> _TASK BRIEF_:
Scan the records and identify every line in which the string "case" occurs, then return those lines.

> _PROVIDED INFORMATION_:
++++++++

text \<open>Induction on the coordinates: in the last coordinate \<open>f\<close> is a univariate polynomial whose
\<open>k\<close>-th coefficient is a nonzero polynomial in the others; off the null zero set of that
coefficient the section has finitely many zeros.\<close>

lemma coord_poly_zero_set_null:
  assumes "finite I" "coord_poly f" "\<theta>\<^sub>0 \<in> I \<rightarrow>\<^sub>E UNIV" "f \<theta>\<^sub>0 \<noteq> 0"
  shows "{\<theta> \<in> I \<rightarrow>\<^sub>E UNIV. f \<theta> = 0} \<in> null_sets (PiM I (\<lambda>_. lborel))"
  using assms
proof (induction I arbitrary: f \<theta>\<^sub>0 rule: finite_induct)
  case empty
  then have "{\<theta> \<in> {} \<rightarrow>\<^sub>E UNIV. f \<theta> = 0} = {}" by auto
  then show ?case by (simp only:) simp
next
  case (insert i I)
  interpret product_sigma_finite "\<lambda>_. lborel" by standard
  let ?Z = "{\<theta> \<in> insert i I \<rightarrow>\<^sub>E UNIV. f \<theta> = 0}"
  have "?Z = f -` {0} \<inter> space (PiM (insert i I) (\<lambda>_. lborel))"
    by (auto simp: space_PiM)
  then have Z: "?Z \<in> sets (PiM (insert i I) (\<lambda>_. lborel))"
    using coord_poly_measurable[OF insert.prems(1)] by simp
  obtain P where P: "\<And>\<theta> x. f (\<theta>(i := x)) = poly (P \<theta>) x" "\<And>k. coord_poly (\<lambda>\<theta>. coeff (P \<theta>) k)"
    using coord_poly_as_poly_in_coord[OF insert.prems(1)] by blast
  define \<theta>\<^sub>0' where "\<theta>\<^sub>0' = \<theta>\<^sub>0(i := undefined)"
  have \<theta>\<^sub>0': "\<theta>\<^sub>0' \<in> I \<rightarrow>\<^sub>E UNIV"
    using insert.prems(2) insert.hyps(2) by (auto simp: \<theta>\<^sub>0'_def PiE_def extensional_def)
  have "poly (P \<theta>\<^sub>0') (\<theta>\<^sub>0 i) \<noteq> 0"
    using P(1)[of \<theta>\<^sub>0' "\<theta>\<^sub>0 i"] insert.prems(3) by (simp add: \<theta>\<^sub>0'_def)
  then obtain k where k: "coeff (P \<theta>\<^sub>0') k \<noteq> 0"
    by (metis leading_coeff_0_iff poly_0)
  let ?N = "{\<theta> \<in> I \<rightarrow>\<^sub>E UNIV. coeff (P \<theta>) k = 0}"
  have "AE x in lborel. \<theta>(i := x) \<notin> ?Z" if "\<theta> \<notin> ?N" "\<theta> \<in> space (PiM I (\<lambda>_. lborel))" for \<theta>
  proof -
    from that have "P \<theta> \<noteq> 0" by (auto simp: space_PiM)
    then have "{x. poly (P \<theta>) x = 0} \<in> null_sets lborel"
      by (intro finite_imp_null_set_lborel poly_roots_finite)
    then show ?thesis
      by (rule AE_I') (auto simp: P(1))
  qed
  then have "AE \<theta> in PiM I (\<lambda>_. lborel). AE x in lborel. \<theta>(i := x) \<notin> ?Z"
    using insert.IH[OF P(2) \<theta>\<^sub>0' k] by (intro AE_I'[of ?N]) auto
  then show ?case
    using insert.hyps Z by (intro null_sets_PiM_insert) auto
qed

section \<open>Matrices factoring through fewer dimensions\<close>

lemma det_eq_0_if_factors_through:
  fixes G :: "nat \<Rightarrow> nat \<Rightarrow> 'a :: idom"
  assumes "R < n" and "\<And>u v. u < n \<Longrightarrow> v < n \<Longrightarrow> G u v = (\<Sum>a<R. X u a * Y a v)"
  shows "det (mat n n (\<lambda>(u, v). G u v)) = 0"
proof -
  define X' where "X' = mat n n (\<lambda>(u, a). X u a)"
  define Y' where "Y' = mat n n (\<lambda>(a, v). if a < R then Y a v else 0)"
  have "mat n n (\<lambda>(u, v). G u v) = X' * Y'"
  proof (rule eq_matI)
    fix u v assume "u < dim_row (X' * Y')" "v < dim_col (X' * Y')"
    then have u: "u < n" and v: "v < n" by (auto simp: X'_def Y'_def)
    have "(X' * Y') $$ (u, v) = (\<Sum>a<n. X u a * (if a < R then Y a v else 0))"
      using u v by (simp add: X'_def Y'_def scalar_prod_def atLeast0LessThan)
    also have "\<dots> = (\<Sum>a<R. X u a * Y a v)"
      using assms(1) by (intro sum.mono_neutral_cong_right) auto
    finally show "mat n n (\<lambda>(u, v). G u v) $$ (u, v) = (X' * Y') $$ (u, v)"
      using assms(2) u v by simp
  qed (auto simp: X'_def Y'_def)
  moreover have "det Y' = 0"
    using assms(1) unfolding det_def Y'_def
    by (auto intro!: sum.neutral bexI[of _ "n - 1"] simp: permutes_in_image)
  ultimately show ?thesis
    by (simp add: det_mult[of _ n] X'_def Y'_def)
qed

section \<open>The matricization\<close>

lemma prod_lessThan_double:
  "(\<Prod>j<2 * (K :: nat). h j) = (\<Prod>k<K. h (2 * k) * (h (2 * k + 1) :: 'a :: comm_monoid_mult))"
  by (induction K) (simp_all add: mult_ac)

lemma prod_lessThan_mult_blocks:
  "(\<Prod>j<(T :: nat). \<Prod>k\<in>{j * m..<(j + 1) * m}. e k) = (\<Prod>k<T * m. (e k :: 'a :: comm_monoid_mult))"
proof (induction T)
  case (Suc T)
  have "(\<Prod>k<Suc T * m. e k) = (\<Prod>k\<in>{0..<T * m}. e k) * (\<Prod>k\<in>{T * m..<(T + 1) * m}. e k)"
    by (subst prod.atLeastLessThan_concat) (auto simp: atLeast0LessThan)
  then show ?case using Suc by (simp add: atLeast0LessThan)
qed simp

lemma sum_of_bool_eq_mult:
  "(\<Sum>\<alpha><(R :: nat). of_bool (g = \<alpha>) * X \<alpha>) = (if g < R then X g else (0 :: 'a :: comm_semiring_1))"
proof -
  have "{..<R} \<inter> {\<alpha>. g = \<alpha>} = (if g < R then {g} else {})" by auto
  then show ?thesis by simp
qed

definition digit :: "nat \<Rightarrow> nat \<Rightarrow> nat \<Rightarrow> nat" where
  "digit b u k = u div b ^ k mod b"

++++++++

> _ANSWER FOR THE TASK_:
  case empty
  then show ?case by (simp only:) simp
  case (insert i I)
  then show ?case
  case (Suc T)
  then show ?case using Suc by (simp add: atLeast0LessThan)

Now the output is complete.